### ACTIVITY
Select and copy out every line in the records containing "obtain".

Collected data entries
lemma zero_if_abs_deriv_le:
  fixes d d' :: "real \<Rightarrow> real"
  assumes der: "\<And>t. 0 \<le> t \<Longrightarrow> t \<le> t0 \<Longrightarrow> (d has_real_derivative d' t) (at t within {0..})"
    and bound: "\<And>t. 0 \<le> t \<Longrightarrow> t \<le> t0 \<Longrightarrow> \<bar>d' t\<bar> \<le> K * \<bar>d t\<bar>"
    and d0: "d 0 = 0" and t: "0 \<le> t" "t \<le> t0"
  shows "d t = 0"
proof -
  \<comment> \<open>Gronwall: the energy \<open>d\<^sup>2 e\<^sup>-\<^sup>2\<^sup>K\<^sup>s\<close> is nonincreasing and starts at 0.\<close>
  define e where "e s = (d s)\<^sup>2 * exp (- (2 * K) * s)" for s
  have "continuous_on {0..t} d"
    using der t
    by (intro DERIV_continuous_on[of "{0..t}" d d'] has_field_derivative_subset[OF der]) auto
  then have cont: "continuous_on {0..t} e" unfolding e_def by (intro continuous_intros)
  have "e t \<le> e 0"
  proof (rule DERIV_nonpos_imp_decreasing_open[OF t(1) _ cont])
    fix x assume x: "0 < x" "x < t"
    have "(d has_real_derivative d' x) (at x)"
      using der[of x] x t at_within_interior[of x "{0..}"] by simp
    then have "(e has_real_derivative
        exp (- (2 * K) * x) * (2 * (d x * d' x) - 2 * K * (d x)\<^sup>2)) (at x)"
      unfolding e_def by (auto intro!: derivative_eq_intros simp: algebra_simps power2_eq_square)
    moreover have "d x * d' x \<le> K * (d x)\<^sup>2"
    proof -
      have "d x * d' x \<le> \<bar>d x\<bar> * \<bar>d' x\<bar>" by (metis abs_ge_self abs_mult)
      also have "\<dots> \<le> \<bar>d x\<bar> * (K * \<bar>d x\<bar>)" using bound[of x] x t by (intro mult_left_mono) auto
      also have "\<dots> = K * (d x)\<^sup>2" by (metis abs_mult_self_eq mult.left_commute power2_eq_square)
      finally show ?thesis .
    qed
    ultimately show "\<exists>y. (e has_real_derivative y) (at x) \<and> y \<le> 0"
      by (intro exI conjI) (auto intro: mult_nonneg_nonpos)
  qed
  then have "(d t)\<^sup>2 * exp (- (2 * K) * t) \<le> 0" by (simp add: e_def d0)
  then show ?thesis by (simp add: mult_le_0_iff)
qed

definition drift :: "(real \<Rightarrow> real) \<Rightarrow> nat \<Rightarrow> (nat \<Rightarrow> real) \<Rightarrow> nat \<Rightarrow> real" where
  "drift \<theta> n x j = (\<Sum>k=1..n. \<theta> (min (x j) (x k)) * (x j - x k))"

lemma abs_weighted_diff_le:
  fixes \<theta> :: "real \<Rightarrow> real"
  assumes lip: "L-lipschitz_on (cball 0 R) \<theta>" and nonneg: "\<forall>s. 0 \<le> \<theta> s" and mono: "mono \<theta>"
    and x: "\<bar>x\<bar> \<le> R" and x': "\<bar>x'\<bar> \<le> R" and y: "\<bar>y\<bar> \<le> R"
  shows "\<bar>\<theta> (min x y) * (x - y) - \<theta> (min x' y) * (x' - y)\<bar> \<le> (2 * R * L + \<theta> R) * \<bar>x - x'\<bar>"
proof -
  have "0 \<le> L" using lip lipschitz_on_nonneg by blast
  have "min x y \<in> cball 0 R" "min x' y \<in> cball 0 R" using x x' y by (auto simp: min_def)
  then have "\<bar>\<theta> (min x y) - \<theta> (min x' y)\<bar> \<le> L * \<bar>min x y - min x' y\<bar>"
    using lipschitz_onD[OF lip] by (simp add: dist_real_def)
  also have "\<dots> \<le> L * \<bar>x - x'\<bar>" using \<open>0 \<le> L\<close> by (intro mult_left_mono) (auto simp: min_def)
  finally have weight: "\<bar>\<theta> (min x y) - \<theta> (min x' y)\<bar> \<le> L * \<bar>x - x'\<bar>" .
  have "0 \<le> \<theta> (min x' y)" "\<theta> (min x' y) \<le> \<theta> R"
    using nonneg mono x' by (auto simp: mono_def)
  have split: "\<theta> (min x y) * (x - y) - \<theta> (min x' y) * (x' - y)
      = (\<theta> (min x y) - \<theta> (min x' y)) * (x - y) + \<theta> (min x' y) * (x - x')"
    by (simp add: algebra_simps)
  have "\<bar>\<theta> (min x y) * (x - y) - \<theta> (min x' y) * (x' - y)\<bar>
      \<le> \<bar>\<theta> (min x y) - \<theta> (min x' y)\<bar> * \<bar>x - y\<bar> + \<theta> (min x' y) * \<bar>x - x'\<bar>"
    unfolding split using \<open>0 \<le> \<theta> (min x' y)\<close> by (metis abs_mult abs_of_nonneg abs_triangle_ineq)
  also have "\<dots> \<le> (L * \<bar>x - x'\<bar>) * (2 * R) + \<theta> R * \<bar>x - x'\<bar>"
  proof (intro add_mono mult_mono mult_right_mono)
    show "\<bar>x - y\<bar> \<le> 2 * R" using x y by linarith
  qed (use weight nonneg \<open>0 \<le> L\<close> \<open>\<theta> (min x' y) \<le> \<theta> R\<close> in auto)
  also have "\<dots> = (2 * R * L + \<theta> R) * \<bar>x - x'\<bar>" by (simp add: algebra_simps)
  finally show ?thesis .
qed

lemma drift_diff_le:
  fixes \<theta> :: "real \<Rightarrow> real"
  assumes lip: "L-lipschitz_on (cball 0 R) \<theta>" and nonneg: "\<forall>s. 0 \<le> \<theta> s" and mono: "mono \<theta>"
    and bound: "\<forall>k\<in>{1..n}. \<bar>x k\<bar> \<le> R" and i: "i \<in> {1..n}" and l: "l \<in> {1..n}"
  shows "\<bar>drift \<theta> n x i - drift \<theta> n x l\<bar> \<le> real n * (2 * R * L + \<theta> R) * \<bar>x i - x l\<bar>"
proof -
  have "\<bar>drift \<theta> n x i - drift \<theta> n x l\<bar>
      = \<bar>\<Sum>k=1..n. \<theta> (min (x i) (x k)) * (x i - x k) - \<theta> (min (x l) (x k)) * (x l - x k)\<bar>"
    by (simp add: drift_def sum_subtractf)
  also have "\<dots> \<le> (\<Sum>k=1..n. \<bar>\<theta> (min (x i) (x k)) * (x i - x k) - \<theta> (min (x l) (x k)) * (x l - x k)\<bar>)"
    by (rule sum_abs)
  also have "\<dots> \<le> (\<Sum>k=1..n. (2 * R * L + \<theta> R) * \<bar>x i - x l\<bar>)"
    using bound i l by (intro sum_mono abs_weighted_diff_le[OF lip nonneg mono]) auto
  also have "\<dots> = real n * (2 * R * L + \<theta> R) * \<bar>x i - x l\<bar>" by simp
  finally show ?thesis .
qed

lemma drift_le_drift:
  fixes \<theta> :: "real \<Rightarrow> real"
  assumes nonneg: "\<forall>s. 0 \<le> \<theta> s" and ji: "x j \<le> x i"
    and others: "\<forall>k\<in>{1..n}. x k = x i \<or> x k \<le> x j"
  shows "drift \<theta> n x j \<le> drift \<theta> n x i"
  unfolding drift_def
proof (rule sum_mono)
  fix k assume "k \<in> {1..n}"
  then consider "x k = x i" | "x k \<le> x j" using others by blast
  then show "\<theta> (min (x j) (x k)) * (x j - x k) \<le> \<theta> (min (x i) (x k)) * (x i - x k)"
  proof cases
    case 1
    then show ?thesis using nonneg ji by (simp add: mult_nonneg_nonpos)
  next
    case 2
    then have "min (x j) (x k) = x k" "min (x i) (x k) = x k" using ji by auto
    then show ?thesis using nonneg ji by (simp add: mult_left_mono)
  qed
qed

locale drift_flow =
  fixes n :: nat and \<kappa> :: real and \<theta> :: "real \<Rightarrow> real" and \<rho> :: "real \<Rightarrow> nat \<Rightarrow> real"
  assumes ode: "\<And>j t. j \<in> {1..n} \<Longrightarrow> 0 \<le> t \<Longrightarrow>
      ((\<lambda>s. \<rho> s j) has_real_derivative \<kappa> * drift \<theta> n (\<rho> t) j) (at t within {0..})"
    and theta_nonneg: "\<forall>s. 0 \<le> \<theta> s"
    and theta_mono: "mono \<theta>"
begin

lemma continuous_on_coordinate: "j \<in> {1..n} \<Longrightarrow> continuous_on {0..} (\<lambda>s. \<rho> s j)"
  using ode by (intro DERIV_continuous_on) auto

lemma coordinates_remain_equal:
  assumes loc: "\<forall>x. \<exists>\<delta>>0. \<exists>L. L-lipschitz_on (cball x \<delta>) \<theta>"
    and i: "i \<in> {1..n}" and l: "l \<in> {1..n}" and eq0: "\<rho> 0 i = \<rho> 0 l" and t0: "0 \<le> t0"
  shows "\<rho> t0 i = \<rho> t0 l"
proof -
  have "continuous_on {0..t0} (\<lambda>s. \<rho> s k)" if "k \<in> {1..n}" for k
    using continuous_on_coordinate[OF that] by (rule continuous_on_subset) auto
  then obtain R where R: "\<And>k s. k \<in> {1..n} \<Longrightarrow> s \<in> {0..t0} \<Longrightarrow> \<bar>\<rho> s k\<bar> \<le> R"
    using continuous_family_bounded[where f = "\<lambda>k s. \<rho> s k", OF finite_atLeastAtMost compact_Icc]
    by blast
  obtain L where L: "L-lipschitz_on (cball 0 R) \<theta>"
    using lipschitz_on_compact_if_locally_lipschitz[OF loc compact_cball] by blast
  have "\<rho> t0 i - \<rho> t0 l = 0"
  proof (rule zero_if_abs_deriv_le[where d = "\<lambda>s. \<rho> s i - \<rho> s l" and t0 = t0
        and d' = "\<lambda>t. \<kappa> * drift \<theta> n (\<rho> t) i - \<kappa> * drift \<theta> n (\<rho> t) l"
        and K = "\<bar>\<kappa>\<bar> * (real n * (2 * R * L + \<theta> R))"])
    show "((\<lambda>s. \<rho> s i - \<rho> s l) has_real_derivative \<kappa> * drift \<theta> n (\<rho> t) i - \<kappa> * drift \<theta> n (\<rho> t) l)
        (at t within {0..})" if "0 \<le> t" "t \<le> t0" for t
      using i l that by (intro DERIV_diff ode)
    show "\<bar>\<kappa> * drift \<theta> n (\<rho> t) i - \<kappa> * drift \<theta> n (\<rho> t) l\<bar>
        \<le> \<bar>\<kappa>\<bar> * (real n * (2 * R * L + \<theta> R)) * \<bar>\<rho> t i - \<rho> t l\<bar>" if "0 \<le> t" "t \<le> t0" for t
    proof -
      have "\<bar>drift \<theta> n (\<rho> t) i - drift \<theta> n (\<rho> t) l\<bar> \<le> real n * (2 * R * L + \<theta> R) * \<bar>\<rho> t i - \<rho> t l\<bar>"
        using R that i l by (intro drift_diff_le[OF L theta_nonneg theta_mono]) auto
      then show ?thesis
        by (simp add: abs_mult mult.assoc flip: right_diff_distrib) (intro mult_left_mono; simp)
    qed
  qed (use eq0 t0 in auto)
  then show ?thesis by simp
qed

...

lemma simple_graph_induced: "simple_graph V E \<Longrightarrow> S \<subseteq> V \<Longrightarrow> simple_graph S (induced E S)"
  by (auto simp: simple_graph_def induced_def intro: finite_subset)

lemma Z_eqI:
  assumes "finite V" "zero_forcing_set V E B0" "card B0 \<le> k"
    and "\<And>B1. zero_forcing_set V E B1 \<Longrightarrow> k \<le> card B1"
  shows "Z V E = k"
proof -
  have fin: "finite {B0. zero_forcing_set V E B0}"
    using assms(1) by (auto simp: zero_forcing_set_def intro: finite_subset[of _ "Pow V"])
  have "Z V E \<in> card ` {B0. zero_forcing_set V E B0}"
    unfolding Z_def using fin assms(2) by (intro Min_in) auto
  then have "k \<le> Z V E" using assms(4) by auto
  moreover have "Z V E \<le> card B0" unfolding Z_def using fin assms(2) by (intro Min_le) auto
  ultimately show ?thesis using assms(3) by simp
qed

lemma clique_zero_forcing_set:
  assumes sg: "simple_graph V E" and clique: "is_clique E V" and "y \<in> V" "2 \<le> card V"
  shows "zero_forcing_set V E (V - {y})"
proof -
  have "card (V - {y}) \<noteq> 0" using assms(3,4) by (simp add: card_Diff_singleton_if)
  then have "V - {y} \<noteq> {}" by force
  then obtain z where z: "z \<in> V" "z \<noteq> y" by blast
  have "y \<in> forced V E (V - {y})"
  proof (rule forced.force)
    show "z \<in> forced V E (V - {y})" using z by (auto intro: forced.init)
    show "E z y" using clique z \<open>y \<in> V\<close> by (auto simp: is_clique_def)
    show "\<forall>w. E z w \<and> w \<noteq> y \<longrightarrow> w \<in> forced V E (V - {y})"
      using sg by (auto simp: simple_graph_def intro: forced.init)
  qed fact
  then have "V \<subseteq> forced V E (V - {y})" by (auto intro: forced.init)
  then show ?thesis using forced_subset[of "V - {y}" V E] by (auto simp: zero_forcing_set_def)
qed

==

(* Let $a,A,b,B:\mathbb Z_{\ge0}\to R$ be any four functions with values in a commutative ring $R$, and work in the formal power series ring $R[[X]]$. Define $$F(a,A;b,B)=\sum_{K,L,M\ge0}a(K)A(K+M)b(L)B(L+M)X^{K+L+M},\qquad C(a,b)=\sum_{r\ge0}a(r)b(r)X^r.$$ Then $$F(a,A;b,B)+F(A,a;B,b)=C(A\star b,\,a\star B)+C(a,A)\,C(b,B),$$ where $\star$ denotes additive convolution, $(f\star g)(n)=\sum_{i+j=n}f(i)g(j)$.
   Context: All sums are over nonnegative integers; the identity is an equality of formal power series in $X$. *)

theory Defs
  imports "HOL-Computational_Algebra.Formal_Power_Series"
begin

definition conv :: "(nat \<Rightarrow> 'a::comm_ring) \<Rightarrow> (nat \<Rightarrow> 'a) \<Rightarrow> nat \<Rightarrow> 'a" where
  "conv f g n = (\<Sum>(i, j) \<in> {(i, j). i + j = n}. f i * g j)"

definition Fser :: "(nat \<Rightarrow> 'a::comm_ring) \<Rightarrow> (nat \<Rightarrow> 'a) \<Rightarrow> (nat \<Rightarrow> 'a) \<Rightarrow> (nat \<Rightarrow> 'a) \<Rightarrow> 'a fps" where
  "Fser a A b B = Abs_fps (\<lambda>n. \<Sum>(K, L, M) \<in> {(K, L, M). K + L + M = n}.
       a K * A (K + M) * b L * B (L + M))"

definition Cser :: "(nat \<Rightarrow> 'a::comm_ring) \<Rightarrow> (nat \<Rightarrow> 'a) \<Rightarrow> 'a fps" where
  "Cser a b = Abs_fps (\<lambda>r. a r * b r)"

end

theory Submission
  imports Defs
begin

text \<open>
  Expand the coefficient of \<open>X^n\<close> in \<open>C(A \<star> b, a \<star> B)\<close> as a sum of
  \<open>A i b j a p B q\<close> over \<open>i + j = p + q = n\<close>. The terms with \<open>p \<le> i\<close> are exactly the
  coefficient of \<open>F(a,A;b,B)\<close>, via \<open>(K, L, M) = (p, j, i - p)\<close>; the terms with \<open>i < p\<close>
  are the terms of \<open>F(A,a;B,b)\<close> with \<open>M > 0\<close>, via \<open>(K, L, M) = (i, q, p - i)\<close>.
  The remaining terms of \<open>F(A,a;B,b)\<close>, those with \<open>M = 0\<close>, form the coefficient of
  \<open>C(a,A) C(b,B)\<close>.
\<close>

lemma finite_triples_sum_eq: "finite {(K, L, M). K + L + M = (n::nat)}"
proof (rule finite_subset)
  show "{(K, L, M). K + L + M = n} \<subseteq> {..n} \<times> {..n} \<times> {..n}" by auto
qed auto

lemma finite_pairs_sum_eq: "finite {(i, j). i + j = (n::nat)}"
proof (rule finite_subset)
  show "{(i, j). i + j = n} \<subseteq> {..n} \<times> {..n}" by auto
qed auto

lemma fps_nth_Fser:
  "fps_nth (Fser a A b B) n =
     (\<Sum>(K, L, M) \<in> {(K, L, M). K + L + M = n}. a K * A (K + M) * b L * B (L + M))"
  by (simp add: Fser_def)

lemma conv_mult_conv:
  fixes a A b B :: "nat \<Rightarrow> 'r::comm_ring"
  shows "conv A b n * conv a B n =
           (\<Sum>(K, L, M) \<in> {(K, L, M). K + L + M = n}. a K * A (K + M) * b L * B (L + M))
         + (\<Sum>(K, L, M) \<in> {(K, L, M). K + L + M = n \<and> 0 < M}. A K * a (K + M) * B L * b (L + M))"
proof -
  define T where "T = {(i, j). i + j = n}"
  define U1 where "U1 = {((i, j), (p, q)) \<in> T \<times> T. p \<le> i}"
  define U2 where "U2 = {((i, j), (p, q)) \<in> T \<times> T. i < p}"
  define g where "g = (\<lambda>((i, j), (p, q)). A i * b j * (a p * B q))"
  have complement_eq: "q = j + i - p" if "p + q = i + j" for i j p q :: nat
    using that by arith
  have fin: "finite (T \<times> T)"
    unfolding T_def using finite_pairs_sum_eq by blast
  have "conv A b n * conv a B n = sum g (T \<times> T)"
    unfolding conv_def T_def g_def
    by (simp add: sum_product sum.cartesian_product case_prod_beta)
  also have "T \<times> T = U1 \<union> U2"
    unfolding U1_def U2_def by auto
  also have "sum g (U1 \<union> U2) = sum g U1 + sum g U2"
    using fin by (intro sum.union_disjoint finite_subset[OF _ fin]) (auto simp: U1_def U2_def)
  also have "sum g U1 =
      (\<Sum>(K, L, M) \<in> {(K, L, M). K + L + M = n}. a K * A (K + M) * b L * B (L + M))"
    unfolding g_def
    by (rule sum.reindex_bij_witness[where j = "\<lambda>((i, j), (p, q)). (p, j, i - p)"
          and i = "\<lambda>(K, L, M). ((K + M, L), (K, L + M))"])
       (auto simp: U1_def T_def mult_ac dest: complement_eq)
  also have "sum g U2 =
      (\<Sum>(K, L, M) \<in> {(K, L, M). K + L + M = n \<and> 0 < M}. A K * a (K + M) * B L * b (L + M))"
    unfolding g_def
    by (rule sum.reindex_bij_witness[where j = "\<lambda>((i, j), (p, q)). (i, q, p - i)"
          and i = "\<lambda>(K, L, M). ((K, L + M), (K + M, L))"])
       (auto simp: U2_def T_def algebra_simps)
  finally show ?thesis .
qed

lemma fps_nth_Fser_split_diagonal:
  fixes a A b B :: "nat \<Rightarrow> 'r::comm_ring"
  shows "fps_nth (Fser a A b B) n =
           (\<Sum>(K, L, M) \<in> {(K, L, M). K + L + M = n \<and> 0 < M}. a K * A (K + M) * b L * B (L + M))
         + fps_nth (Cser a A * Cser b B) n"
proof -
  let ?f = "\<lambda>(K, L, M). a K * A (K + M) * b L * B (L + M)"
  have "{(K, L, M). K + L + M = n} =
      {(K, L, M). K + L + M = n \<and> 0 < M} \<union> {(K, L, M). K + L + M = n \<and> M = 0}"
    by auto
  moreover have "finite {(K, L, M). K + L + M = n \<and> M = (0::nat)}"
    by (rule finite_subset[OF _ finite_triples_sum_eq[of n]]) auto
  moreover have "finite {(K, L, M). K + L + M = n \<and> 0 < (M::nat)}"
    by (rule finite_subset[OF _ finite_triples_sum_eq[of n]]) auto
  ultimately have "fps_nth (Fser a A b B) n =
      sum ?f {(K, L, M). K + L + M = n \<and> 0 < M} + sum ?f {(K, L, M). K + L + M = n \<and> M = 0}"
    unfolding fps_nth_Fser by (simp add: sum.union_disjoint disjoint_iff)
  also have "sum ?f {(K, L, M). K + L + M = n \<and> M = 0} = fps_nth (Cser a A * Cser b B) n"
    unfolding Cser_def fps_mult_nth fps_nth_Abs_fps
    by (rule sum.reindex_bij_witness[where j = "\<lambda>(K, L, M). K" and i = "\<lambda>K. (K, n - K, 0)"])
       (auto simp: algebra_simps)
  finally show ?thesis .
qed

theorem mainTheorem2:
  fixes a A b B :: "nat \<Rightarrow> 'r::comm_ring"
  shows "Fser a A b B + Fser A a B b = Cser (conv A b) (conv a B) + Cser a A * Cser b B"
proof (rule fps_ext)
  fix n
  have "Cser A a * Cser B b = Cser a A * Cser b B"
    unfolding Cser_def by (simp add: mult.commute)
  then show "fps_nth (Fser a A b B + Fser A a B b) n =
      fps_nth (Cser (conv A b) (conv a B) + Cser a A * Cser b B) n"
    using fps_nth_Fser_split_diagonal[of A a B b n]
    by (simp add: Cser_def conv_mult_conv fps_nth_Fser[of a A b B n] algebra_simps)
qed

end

### RESPONSE AREA
  then obtain R where R: "\<And>k s. k \<in> {1..n} \<Longrightarrow> s \<in> {0..t0} \<Longrightarrow> \<bar>\<rho> s k\<bar> \<le> R"
  obtain L where L: "L-lipschitz_on (cball 0 R) \<theta>"
  then obtain z where z: "z \<in> V" "z \<noteq> y" by blast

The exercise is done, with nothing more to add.